The process is very straightforward: a small function performs the heavy lifting and allows choosing a full-dump of a table or just dumping the structure (useful for caches, which will just pollute your diff with meaningless garbage if you export the cache contents); that function is invoked from code that will get the full list of tables for the chosen DB and pick the desired ones via grep. As a nice extra you'll get a tables-list.txt file that will let you know which tables were removed/added between the two states, pretty useful!.

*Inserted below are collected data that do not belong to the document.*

lemma exists_small_shift:
  fixes b c :: int
  assumes "b \<noteq> 0"
  obtains k where "2 * \<bar>c + k * b\<bar> \<le> \<bar>b\<bar>"
proof -
  define B where "B = \<bar>b\<bar>"
  define r where "r = c mod B"
  have B: "0 < B" using assms unfolding B_def by simp
  have r: "0 \<le> r" "r < B" "c = B * (c div B) + r" unfolding r_def using B by simp_all
  obtain j where j: "2 * \<bar>c + j * B\<bar> \<le> B"
  proof (cases "2 * r \<le> B")
    case True
    then show ?thesis using r that[of "- (c div B)"] by (simp add: algebra_simps)
  next
    case False
    then show ?thesis using r that[of "- (c div B) - 1"] by (simp add: algebra_simps)
  qed
  have jB: "j * B = (j * sgn b) * b" unfolding B_def by (simp add: abs_sgn mult.assoc)
  from j have "2 * \<bar>c + (j * sgn b) * b\<bar> \<le> B" by (simp only: jB)
  then show ?thesis using that unfolding B_def by blast
qed

lemma max_abs_le_of_det:
  fixes v1 v2 x1 x2 D s :: int
  assumes "\<bar>v2\<bar> \<le> \<bar>v1\<bar>" "s = \<bar>v1\<bar>" "v1 * x2 - v2 * x1 = D" "2 * \<bar>x1\<bar> \<le> s"
  shows "2 * s * max \<bar>x1\<bar> \<bar>x2\<bar> \<le> 2 * \<bar>D\<bar> + s^2"
proof -
  have s: "0 \<le> s" using assms by simp
  have "v1 * x2 = D + v2 * x1" using assms(3) by simp
  then have "s * \<bar>x2\<bar> = \<bar>D + v2 * x1\<bar>" using assms(2) by (metis abs_mult)
  also have "\<dots> \<le> \<bar>D\<bar> + s * \<bar>x1\<bar>"
    using abs_triangle_ineq[of D "v2 * x1"] mult_right_mono[OF assms(1) abs_ge_zero[of x1]] assms(2)
    by (simp add: abs_mult)
  finally have x2: "s * \<bar>x2\<bar> \<le> \<bar>D\<bar> + s * \<bar>x1\<bar>" .
  have x1: "s * (2 * \<bar>x1\<bar>) \<le> s * s" using assms s by (intro mult_left_mono) auto
  have "2 * s * \<bar>x1\<bar> \<le> 2 * \<bar>D\<bar> + s^2" "2 * s * \<bar>x2\<bar> \<le> 2 * \<bar>D\<bar> + s^2"
    using x1 x2 by (simp_all add: power2_eq_square algebra_simps)
  then show ?thesis by (simp add: max_def)
qed

lemma nu1_vector_coprime:
  assumes det: "det2 e1 e2 \<noteq> 0"
    and v: "lattice_point e1 e2 m n \<noteq> (0, 0)" "supn (lattice_point e1 e2 m n) = nu1 (lattice_of e1 e2)"
  shows "coprime m n"
proof (rule ccontr)
  assume "\<not> coprime m n"
  define g where "g = gcd m n"
  have "m \<noteq> 0 \<or> n \<noteq> 0" using v unfolding lattice_point_def by auto
  then have "0 < g" unfolding g_def by simp
  moreover have "g \<noteq> 1" using \<open>\<not> coprime m n\<close> unfolding g_def by (simp add: coprime_iff_gcd_eq_1)
  ultimately have "2 \<le> g" by linarith
  obtain m' n' where mn: "m = g * m'" "n = g * n'" unfolding g_def by (meson dvd_def gcd_dvd1 gcd_dvd2)
  define v' where "v' = lattice_point e1 e2 m' n'"
  have "lattice_point e1 e2 m n = (g * fst v', g * snd v')"
    unfolding v'_def lattice_point_def mn by (simp add: algebra_simps)
  then have sv: "supn (lattice_point e1 e2 m n) = g * supn v'" using \<open>2 \<le> g\<close> supn_scale by simp
  have "v' \<noteq> (0, 0)" using v \<open>lattice_point e1 e2 m n = _\<close> by auto
  moreover have "v' \<in> lattice_of e1 e2" unfolding v'_def lattice_of_iff by blast
  ultimately have "supn (lattice_point e1 e2 m n) \<le> supn v'"
    using nu1_attained(2)[OF det] v by simp
  moreover have "2 * supn v' \<le> g * supn v'"
    using \<open>2 \<le> g\<close> supn_nonneg[of v'] by (intro mult_right_mono) auto
  ultimately show False using sv supn_ge_one[OF \<open>v' \<noteq> (0, 0)\<close>] by linarith
qed

(* Completing v to a basis (v, u) by Bezout, every u + k v has the same determinant with v;
   k is chosen to make the coordinate where v is largest at most supn v / 2. *)
lemma exists_short_complement:
  assumes v: "v = lattice_point e1 e2 m n" and mn: "coprime m n"
  obtains x where "x \<in> lattice_of e1 e2" "det2 v x = det2 e1 e2"
    "2 * supn v * supn x \<le> 2 * \<bar>det2 e1 e2\<bar> + (supn v)^2"
proof -
  define D where "D = det2 e1 e2"
  obtain i j where "i * m + j * n = 1" using mn by (metis bezout_int coprime_iff_gcd_eq_1)
  define u where "u = lattice_point e1 e2 (- j) i"
  define x where "x k = lattice_point e1 e2 (- j + k * m) (i + k * n)" for k
  have x_lattice: "x k \<in> lattice_of e1 e2" for k unfolding x_def lattice_of_iff by blast
  have x_det: "det2 v (x k) = D" for k
    unfolding v x_def D_def det2_lattice_point using \<open>i * m + j * n = 1\<close> by (simp add: algebra_simps)
  have x_coord: "fst (x k) = fst u + k * fst v" "snd (x k) = snd u + k * snd v" for k
    unfolding x_def u_def v lattice_point_def by (simp_all add: algebra_simps)
  have det_coord: "det2 v y = fst v * snd y - snd v * fst y" for y unfolding det2_def by simp
  have "\<exists>k. 2 * supn v * supn (x k) \<le> 2 * \<bar>D\<bar> + (supn v)^2"
  proof (cases "\<bar>snd v\<bar> \<le> \<bar>fst v\<bar>")
    case True
    show ?thesis
    proof (cases "fst v = 0")
      case False
      then obtain k where "2 * \<bar>fst u + k * fst v\<bar> \<le> \<bar>fst v\<bar>" by (rule exists_small_shift)
      then have "2 * supn v * max \<bar>fst (x k)\<bar> \<bar>snd (x k)\<bar> \<le> 2 * \<bar>D\<bar> + (supn v)^2"
        using True x_det[of k] det_coord[of "x k"] x_coord[of k]
        by (intro max_abs_le_of_det[of "snd v" "fst v"]) (auto simp: supn_def)
      then show ?thesis unfolding supn_def by blast
    qed (use True in \<open>simp add: supn_def\<close>)
  next
    case False
    then have "snd v \<noteq> 0" by auto
    then obtain k where "2 * \<bar>snd u + k * snd v\<bar> \<le> \<bar>snd v\<bar>" by (rule exists_small_shift)
    then have "2 * supn v * max \<bar>snd (x k)\<bar> \<bar>fst (x k)\<bar> \<le> 2 * \<bar>- D\<bar> + (supn v)^2"
      using False x_det[of k] det_coord[of "x k"] x_coord[of k]
      by (intro max_abs_le_of_det[of "fst v" "snd v"]) (auto simp: supn_def)
    then show ?thesis unfolding supn_def by (metis abs_minus_cancel max.commute)
  qed
  then show ?thesis using that x_lattice x_det unfolding D_def by blast
qed
text \<open>
  The eigenfunction is a symmetrisation over signed permutations. Expanding it along the spectral
  variable, with its sign, carried by the largest particle gives a recursion in the number of
  particles, in which the normalisation \<open>V\<^sub>k \<alpha>\<^sup>k\<close> makes every spectral variable left without a
  particle contribute a factor \<open>\<alpha>\<close>.

  The eigenvalue equation follows by induction on the number of particles. The free motion of the
  largest particle contributes its energy, by a second order difference equation for \<open>\<phi>\<^sub>y\<close> in
  \<open>y\<close>. When the two largest particles are adjacent, the blocked jump is compensated by a
  two-body identity which makes the collision term antisymmetric in the two spectral variables.

  The base cases and the normalisation reduce to sums over one spectral variable \<open>w\<close> of
  \<open>f(w)\<close> times the product of the two-particle factors \<open>S(w, w')\<close>, symmetrised under
  \<open>w \<mapsto> 1/(q w)\<close>. In the coordinate \<open>\<xi> = (1 - q w)/(1 - w) - (1 + q)/2\<close> these become sums of
  \<open>f(x) \<Prod>\<^sub>y (x + y)/(x - y)\<close> over the \<open>2N\<close> points \<open>x = \<xi>(w\<^sub>i), \<xi>(1/(q w\<^sub>i))\<close> (the product
  over the other points \<open>y\<close>), which partial fractions evaluate for \<open>f = 1, x, x\<^sup>2\<close> and
  \<open>1/(x \<plusminus> (1 - q)/2)\<close>.
\<close>

section \<open>Partial fractions\<close>

definition ratio_prod :: "'a::field set \<Rightarrow> 'a \<Rightarrow> 'a" where
  "ratio_prod X z = (\<Prod>y\<in>X. (z + y) / (z - y))"

definition ratio_sum :: "'a::field set \<Rightarrow> ('a \<Rightarrow> 'a) \<Rightarrow> 'a" where
  "ratio_sum X f = (\<Sum>x\<in>X. f x * ratio_prod (X - {x}) x)"

lemma ratio_prod_insert:
  "finite X \<Longrightarrow> c \<notin> X \<Longrightarrow> ratio_prod (insert c X) z = (z + c) / (z - c) * ratio_prod X z"
  unfolding ratio_prod_def by simp

lemma ratio_prod_insert_remove:
  assumes "finite X" "c \<notin> X" "x \<in> X"
  shows "ratio_prod (insert c X - {x}) x = (x + c) / (x - c) * ratio_prod (X - {x}) x"
proof -
  have "insert c X - {x} = insert c (X - {x})" using assms by auto
  then show ?thesis using assms by (simp add: ratio_prod_insert)
qed

lemma ratio_prod_partial_fractions:
  fixes X :: "'a::field_char_0 set"
  assumes "finite X" "z \<notin> X"
  shows "ratio_prod X z = 1 + (\<Sum>x\<in>X. 2 * x * ratio_prod (X - {x}) x / (z - x))"
  using assms
proof (induction X arbitrary: z rule: finite_induct)
  case empty
  then show ?case by (simp add: ratio_prod_def)
next
  case (insert c X)
  let ?R = "\<lambda>x. ratio_prod (X - {x}) x"
  have zc: "z \<noteq> c" and zX: "z \<notin> X" using insert by auto
  have IHz: "ratio_prod X z = 1 + (\<Sum>x\<in>X. 2 * x * ?R x / (z - x))" using insert zX by blast
  have IHc: "ratio_prod X c = 1 + (\<Sum>x\<in>X. 2 * x * ?R x / (c - x))" using insert by blast
  have "(\<Sum>x\<in>insert c X. 2 * x * ratio_prod (insert c X - {x}) x / (z - x))
      = 2 * c * ratio_prod X c / (z - c) + (\<Sum>x\<in>X. 2 * x * ((x + c) / (x - c) * ?R x) / (z - x))"
    using insert by (simp add: ratio_prod_insert_remove)
  also have "(\<Sum>x\<in>X. 2 * x * ((x + c) / (x - c) * ?R x) / (z - x))
      = (\<Sum>x\<in>X. (z + c) / (z - c) * (2 * x * ?R x / (z - x)) - 2 * c / (z - c) * (2 * x * ?R x / (c - x)))"
  proof (rule sum.cong[OF refl])
    fix x assume "x \<in> X"
    then have "x \<noteq> c" "z \<noteq> x" using insert zX by auto
    then show "2 * x * ((x + c) / (x - c) * ?R x) / (z - x)
      = (z + c) / (z - c) * (2 * x * ?R x / (z - x)) - 2 * c / (z - c) * (2 * x * ?R x / (c - x))"
      using zc by (simp add: divide_simps) (simp add: algebra_simps)
  qed
  also have "\<dots> = (z + c) / (z - c) * (ratio_prod X z - 1) - 2 * c / (z - c) * (ratio_prod X c - 1)"
    by (simp add: sum_subtractf sum_distrib_left IHz IHc)
  finally show ?case
    using insert zc by (simp add: ratio_prod_insert divide_simps) (simp add: algebra_simps)
qed
lemma integral_ccdf_given_G01:
  "(\<integral>\<omega>. ccdf_given_G01 \<gamma> (\<lambda>i. X i \<omega>) \<partial>M) = (\<integral>\<omega>. ccdf_given_G0 \<gamma> (\<lambda>i. X i \<omega>) \<partial>M)"
proof (rule integral_integrate_out[where S = "rvs - {G2}" and i = G1 and B = 1])
  have [measurable]: "intf_T \<in> borel_measurable (PiM S (\<lambda>_. borel))" "intf_R \<in> borel_measurable (PiM S (\<lambda>_. borel))"
    if "S \<in> {rvs - {G2}, rvs - {G2} - {G1}}" for S
    using intf_measurable[of S] that by auto
  show "ccdf_given_G01 \<gamma> \<in> borel_measurable (PiM (rvs - {G2}) (\<lambda>_. borel))"
    unfolding ccdf_given_G01_def by measurable
  show "ccdf_given_G0 \<gamma> \<in> borel_measurable (PiM (rvs - {G2} - {G1}) (\<lambda>_. borel))"
    unfolding ccdf_given_G0_def min_rate_def by measurable
next
  fix z :: "rv \<Rightarrow> real"
  assume nonneg: "0 \<le> intf_T z" "0 \<le> intf_R z"
  define s where "s = intf_T z + 1"
  define c where "c = intf_R z + w1 * intf_T z + w1 + 1"
  define t where "t = \<gamma> - z G0 / s"
  define E where "E = exp (- max (c * t / w2) 0 * (1 / gb2))"
  have "0 < s" "0 < c"
    using nonneg w1_pos by (simp_all add: s_def c_def add_nonneg_pos)
  have "(\<integral>\<omega>. ccdf_given_G01 \<gamma> (z(G1 := X G1 \<omega>)) \<partial>M) = (\<integral>\<omega>. E * (if s * t \<le> X G1 \<omega> then 1 else 0) \<partial>M)"
    using \<open>0 < s\<close> by (intro Bochner_Integration.integral_cong)
      (auto simp: ccdf_given_G01_def E_def t_def s_def c_def pos_le_divide_eq mult.commute)
  also have "\<dots> = E * exp (- max (s * t) 0 * (1 / gb1))"
    using exponential_distributed_prob_ge[OF G1_exponential, of "s * t"] gb1_pos
    by (simp add: integral_if_one_zero)
  also have "\<dots> = exp (- max t 0 * min_rate z)"
    using mult_exp_neg_max_scaled[of "c / w2" s t "1 / gb2" "1 / gb1"] \<open>0 < c\<close> \<open>0 < s\<close> w2_pos
    by (simp add: E_def min_rate_def s_def c_def field_simps)
  also have "\<dots> = ccdf_given_G0 \<gamma> z"
    using nonneg w1_pos w2_pos gb1_pos gb2_pos
    by (simp add: ccdf_given_G0_def min_rate_def t_def s_def)
  finally show "(\<integral>\<omega>. ccdf_given_G01 \<gamma> (z(G1 := X G1 \<omega>)) \<partial>M) = ccdf_given_G0 \<gamma> z" .
next
  show "\<bar>ccdf_given_G01 \<gamma> z\<bar> \<le> 1" for z
    using ccdf_given_bounds(1,2)[of \<gamma> z] by simp
qed (auto simp: ccdf_given_G01_def ccdf_given_G0_def min_rate_def intf_T_def intf_R_def)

As a bonus, here's an example script that will let you automate a full test (capture state before the process, run the process, then capture the state after and, finally, leverage git to generate the diff):

#!/bin/bash

# Uncomment for debugging
#set -x

# Initialize and ensure output dir exists
BASE_DIR="/path/to/some/dir"
mkdir -p $BASE_DIR

# Dump state BEFORE
./db-dumper-per-table.sh $BASE_DIR/before DBName

# Run the process of your interest
drush ev "trigger_some_process()"

# Dump state AFTER
./db-dumper-per-table.sh $BASE_DIR/after DBName

# Diff the two dumps
cd $BASE_DIR
mkdir diff
cd diff
cp ../before/*.sql .
git init
git add .
git commit -m "before"
rm *.sql *.txt
cp ../after/*.sql .
git add .
git commit -m "after"
git diff HEAD~1..HEAD --stat

When this script finishes, you'll get a nice summary showing which tables changed + some statistics about the removals/additions. Seeing the actual diff is as easy as running:

git diff HEAD~1..HEAD # check all the tables dumped
git diff HEAD~1..HEAD tablename.sql # check just one table

Splitting the removals/additions from the diff is left as an exercise to the reader (hint: a couple greps piped will get the job done).